> [Aim of the exercise]
The answer should consist solely of the lines from the first one below through the line containing "S a \<longleftrightarrow>", copied exactly.

> [Task material]
lemma integral_quadratic_form:
  fixes S :: "(real^2) set"
  assumes "S \<in> lmeasurable" "bounded S"
  shows "integral S (\<lambda>x. p * x$1^2 + r * (x$1 * x$2) + t * x$2^2)
     = p * integral S (\<lambda>x. x$1^2) + r * integral S (\<lambda>x. x$1 * x$2) + t * integral S (\<lambda>x. x$2^2)"
proof -
  have int: "f integrable_on S" if "continuous_on UNIV f" for f :: "real^2 \<Rightarrow> real"
    using continuous_integrable_bounded[OF that assms] .
  have a: "(\<lambda>x. p * x$1^2) integrable_on S" "(\<lambda>x. r * (x$1 * x$2)) integrable_on S"
    "(\<lambda>x. t * x$2^2) integrable_on S"
    by (intro int continuous_intros)+
  have "integral S (\<lambda>x. p * x$1^2 + r * (x$1 * x$2) + t * x$2^2)
      = integral S (\<lambda>x. p * x$1^2) + integral S (\<lambda>x. r * (x$1 * x$2)) + integral S (\<lambda>x. t * x$2^2)"
    using a by (simp add: integral_add integrable_add)
  then show ?thesis by simp
qed

definition isotropic_moments :: "(real^2) set \<Rightarrow> real \<Rightarrow> bool" where
  "isotropic_moments S a \<longleftrightarrow>
     integral S (\<lambda>x. x$1^2) = a \<and> integral S (\<lambda>x. x$2^2) = a \<and> integral S (\<lambda>x. x$1 * x$2) = 0"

> [Result]
lemma integral_quadratic_form:
  fixes S :: "(real^2) set"
  assumes "S \<in> lmeasurable" "bounded S"
  shows "integral S (\<lambda>x. p * x$1^2 + r * (x$1 * x$2) + t * x$2^2)
     = p * integral S (\<lambda>x. x$1^2) + r * integral S (\<lambda>x. x$1 * x$2) + t * integral S (\<lambda>x. x$2^2)"
proof -
  have int: "f integrable_on S" if "continuous_on UNIV f" for f :: "real^2 \<Rightarrow> real"
    using continuous_integrable_bounded[OF that assms] .
  have a: "(\<lambda>x. p * x$1^2) integrable_on S" "(\<lambda>x. r * (x$1 * x$2)) integrable_on S"
    "(\<lambda>x. t * x$2^2) integrable_on S"
    by (intro int continuous_intros)+
  have "integral S (\<lambda>x. p * x$1^2 + r * (x$1 * x$2) + t * x$2^2)
      = integral S (\<lambda>x. p * x$1^2) + integral S (\<lambda>x. r * (x$1 * x$2)) + integral S (\<lambda>x. t * x$2^2)"
    using a by (simp add: integral_add integrable_add)
  then show ?thesis by simp
qed

definition isotropic_moments :: "(real^2) set \<Rightarrow> real \<Rightarrow> bool" where
  "isotropic_moments S a \<longleftrightarrow>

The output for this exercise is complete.